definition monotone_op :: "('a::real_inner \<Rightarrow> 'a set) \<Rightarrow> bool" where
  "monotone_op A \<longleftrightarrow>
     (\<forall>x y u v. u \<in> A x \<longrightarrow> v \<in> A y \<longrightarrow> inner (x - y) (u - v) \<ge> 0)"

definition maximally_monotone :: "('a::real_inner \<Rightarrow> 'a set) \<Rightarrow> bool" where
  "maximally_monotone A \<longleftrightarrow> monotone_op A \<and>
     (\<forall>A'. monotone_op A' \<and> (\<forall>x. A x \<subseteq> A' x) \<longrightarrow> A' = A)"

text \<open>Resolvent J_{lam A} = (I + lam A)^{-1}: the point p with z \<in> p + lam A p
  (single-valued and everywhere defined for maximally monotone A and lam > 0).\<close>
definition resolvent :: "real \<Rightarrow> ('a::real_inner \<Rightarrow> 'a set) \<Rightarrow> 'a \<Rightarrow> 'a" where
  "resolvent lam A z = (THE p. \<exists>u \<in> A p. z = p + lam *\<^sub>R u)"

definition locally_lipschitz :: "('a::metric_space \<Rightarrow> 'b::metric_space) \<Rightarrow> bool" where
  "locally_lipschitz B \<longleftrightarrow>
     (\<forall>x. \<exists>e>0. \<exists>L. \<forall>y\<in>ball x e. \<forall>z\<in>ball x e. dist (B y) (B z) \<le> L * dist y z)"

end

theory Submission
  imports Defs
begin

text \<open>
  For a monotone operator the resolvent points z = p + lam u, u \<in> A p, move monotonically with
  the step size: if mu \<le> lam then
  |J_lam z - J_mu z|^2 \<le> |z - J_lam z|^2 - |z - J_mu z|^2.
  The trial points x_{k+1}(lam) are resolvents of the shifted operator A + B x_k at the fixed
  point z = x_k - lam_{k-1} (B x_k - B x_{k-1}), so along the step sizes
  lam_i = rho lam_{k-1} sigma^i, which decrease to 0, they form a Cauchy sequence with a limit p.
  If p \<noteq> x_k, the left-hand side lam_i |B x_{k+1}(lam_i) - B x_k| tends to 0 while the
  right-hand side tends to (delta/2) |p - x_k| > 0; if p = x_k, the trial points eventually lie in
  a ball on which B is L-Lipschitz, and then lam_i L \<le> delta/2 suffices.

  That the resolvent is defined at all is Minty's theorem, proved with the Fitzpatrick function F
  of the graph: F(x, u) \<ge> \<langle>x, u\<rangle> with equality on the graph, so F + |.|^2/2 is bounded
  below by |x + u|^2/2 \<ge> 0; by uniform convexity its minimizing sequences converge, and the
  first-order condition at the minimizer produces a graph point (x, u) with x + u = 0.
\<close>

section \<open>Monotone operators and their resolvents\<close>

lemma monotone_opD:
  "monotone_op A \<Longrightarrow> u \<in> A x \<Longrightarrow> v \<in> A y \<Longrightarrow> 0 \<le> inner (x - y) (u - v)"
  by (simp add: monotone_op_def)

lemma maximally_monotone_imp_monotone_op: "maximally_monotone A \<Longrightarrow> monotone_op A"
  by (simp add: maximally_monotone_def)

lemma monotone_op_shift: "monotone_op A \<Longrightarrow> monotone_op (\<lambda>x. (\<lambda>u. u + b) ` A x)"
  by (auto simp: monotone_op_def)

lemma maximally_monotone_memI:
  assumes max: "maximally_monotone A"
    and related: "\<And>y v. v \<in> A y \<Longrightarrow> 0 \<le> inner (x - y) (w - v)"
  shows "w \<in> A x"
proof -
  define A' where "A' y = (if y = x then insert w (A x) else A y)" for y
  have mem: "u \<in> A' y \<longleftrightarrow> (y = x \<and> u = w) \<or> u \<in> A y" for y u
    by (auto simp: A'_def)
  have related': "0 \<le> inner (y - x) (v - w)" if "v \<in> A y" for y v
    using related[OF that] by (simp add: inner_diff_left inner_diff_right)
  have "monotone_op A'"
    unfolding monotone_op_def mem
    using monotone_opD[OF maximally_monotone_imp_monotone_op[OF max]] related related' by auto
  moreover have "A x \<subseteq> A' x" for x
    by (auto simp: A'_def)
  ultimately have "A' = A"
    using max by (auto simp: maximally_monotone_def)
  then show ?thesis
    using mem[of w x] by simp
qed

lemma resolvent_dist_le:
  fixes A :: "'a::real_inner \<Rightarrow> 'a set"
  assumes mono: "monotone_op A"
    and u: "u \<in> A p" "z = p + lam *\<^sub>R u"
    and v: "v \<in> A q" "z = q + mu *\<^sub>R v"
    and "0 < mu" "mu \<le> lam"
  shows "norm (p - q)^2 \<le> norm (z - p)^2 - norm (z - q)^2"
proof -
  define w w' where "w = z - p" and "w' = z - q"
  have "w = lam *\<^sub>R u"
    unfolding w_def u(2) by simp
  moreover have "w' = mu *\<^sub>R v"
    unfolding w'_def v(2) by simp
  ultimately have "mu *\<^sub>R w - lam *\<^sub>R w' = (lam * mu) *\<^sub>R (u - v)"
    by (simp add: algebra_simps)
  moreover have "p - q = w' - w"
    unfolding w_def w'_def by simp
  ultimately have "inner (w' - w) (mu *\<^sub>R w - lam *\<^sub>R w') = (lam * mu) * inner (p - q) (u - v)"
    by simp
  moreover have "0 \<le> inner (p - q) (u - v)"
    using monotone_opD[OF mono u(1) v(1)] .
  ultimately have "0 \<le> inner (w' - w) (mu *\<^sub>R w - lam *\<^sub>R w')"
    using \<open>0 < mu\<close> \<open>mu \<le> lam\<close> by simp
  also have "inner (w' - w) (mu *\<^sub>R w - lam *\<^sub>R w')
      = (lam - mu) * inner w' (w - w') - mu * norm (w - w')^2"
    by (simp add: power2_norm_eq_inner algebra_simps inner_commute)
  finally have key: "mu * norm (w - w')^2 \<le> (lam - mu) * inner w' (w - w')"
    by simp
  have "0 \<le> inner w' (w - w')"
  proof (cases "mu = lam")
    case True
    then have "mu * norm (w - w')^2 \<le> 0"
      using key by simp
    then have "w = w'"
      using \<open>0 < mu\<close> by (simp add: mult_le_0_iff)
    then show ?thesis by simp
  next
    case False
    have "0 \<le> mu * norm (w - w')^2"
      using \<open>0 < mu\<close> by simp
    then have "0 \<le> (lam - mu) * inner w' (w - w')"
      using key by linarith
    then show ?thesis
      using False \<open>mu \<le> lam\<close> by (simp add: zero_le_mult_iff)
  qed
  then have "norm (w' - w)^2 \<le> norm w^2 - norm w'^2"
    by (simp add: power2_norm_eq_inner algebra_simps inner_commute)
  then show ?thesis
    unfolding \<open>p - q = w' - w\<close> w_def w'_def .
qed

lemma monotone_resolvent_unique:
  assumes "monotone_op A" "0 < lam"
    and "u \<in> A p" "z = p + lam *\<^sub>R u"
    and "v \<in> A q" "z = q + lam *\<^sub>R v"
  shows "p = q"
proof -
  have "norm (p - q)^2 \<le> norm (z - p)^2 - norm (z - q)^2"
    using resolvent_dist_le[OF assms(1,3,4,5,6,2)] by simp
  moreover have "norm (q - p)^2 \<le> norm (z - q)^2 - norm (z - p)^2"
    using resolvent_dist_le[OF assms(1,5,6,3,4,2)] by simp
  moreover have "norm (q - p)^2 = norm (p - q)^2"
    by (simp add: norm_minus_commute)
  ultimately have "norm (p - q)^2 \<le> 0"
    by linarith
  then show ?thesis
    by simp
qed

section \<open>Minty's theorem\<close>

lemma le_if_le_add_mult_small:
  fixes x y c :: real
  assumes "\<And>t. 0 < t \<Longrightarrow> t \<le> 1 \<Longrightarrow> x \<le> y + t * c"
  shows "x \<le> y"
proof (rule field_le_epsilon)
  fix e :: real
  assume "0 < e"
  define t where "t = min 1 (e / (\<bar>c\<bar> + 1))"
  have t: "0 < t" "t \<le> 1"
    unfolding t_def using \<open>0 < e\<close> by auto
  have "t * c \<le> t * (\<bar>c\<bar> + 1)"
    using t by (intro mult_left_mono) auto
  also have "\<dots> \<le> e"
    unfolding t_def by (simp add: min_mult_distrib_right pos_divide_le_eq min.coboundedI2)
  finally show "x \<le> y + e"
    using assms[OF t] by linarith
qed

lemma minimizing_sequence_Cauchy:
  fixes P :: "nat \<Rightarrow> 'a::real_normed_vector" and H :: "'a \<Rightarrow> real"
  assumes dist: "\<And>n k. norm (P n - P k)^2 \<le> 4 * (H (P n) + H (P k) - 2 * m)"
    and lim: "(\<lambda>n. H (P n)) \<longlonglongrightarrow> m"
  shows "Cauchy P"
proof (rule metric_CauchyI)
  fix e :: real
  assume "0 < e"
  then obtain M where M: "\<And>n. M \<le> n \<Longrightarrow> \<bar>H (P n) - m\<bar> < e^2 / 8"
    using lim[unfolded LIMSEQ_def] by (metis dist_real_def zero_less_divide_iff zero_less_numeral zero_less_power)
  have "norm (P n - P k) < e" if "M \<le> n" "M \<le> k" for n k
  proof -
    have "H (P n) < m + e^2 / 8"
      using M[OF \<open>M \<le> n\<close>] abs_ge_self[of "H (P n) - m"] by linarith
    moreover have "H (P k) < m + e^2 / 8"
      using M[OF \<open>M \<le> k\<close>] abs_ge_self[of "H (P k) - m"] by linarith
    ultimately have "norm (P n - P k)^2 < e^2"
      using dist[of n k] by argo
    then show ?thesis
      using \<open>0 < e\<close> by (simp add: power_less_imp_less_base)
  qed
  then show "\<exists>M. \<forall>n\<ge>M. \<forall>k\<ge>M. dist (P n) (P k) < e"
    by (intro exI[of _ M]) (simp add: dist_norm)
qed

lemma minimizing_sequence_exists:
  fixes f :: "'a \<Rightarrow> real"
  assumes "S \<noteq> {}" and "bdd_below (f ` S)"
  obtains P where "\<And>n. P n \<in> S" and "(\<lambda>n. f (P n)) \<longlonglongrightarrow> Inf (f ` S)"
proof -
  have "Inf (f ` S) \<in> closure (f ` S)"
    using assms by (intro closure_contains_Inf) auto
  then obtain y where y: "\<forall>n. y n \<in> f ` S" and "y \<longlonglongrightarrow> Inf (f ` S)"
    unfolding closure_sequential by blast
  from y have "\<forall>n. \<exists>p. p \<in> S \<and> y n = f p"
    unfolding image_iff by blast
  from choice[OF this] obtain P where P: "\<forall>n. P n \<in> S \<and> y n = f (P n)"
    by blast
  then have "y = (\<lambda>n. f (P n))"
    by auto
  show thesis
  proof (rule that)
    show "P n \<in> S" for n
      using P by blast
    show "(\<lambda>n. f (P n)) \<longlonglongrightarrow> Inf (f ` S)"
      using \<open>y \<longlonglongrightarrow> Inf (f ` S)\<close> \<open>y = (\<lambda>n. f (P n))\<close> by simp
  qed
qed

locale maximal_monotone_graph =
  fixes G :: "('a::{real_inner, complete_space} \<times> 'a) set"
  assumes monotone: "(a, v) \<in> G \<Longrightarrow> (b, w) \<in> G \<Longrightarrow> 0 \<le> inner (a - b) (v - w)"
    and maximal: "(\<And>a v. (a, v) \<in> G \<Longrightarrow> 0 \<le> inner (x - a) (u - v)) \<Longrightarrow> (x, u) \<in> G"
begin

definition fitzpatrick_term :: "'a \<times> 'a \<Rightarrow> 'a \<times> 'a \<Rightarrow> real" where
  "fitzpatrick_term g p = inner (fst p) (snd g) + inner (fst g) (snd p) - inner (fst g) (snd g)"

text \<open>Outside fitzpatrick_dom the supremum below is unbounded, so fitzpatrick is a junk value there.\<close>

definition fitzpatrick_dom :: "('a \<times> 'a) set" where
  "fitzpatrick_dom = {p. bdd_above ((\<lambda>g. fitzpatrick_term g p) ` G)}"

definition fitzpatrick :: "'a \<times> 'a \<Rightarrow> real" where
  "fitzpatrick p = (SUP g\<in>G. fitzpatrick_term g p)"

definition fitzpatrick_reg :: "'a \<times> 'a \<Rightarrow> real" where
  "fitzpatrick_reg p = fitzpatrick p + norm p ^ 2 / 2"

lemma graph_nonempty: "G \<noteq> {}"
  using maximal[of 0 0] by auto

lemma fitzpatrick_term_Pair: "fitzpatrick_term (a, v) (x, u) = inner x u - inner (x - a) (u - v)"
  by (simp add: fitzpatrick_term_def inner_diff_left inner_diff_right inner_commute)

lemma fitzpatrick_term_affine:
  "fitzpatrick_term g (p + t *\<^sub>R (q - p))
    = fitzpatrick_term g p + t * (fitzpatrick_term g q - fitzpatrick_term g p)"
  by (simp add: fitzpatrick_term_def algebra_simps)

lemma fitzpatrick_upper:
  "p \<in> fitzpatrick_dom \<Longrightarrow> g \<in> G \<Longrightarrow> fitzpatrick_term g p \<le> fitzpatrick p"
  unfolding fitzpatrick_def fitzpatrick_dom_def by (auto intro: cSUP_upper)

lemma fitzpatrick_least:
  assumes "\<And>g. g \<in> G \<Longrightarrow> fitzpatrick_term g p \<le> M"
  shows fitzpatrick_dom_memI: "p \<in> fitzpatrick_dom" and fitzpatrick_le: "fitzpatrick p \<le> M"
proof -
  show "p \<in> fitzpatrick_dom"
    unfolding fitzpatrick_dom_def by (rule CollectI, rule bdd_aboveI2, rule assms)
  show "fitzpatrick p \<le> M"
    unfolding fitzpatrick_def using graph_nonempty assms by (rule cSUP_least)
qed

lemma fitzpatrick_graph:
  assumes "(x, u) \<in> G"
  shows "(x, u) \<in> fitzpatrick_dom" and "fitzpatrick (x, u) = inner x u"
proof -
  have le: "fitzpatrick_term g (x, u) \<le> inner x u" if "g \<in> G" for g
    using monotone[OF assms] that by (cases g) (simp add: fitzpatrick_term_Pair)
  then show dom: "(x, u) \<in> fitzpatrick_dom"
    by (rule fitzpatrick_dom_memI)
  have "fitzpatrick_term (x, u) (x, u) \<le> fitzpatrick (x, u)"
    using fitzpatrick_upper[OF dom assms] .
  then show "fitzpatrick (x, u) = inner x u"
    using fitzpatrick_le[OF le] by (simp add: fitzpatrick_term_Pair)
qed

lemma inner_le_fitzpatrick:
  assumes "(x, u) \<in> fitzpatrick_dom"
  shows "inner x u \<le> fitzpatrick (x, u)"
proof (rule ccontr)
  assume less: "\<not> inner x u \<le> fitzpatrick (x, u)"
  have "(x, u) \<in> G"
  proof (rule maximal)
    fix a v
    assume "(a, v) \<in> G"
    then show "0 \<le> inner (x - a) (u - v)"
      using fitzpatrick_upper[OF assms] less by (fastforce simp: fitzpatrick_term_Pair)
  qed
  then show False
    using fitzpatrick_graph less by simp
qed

===

**AIM OF THE EXERCISE:** Would you copy every line of the entries in which "from" appears?

**ANSWER SECTION:**
  from y have "\<forall>n. \<exists>p. p \<in> S \<and> y n = f p"
  from choice[OF this] obtain P where P: "\<forall>n. P n \<in> S \<and> y n = f (P n)"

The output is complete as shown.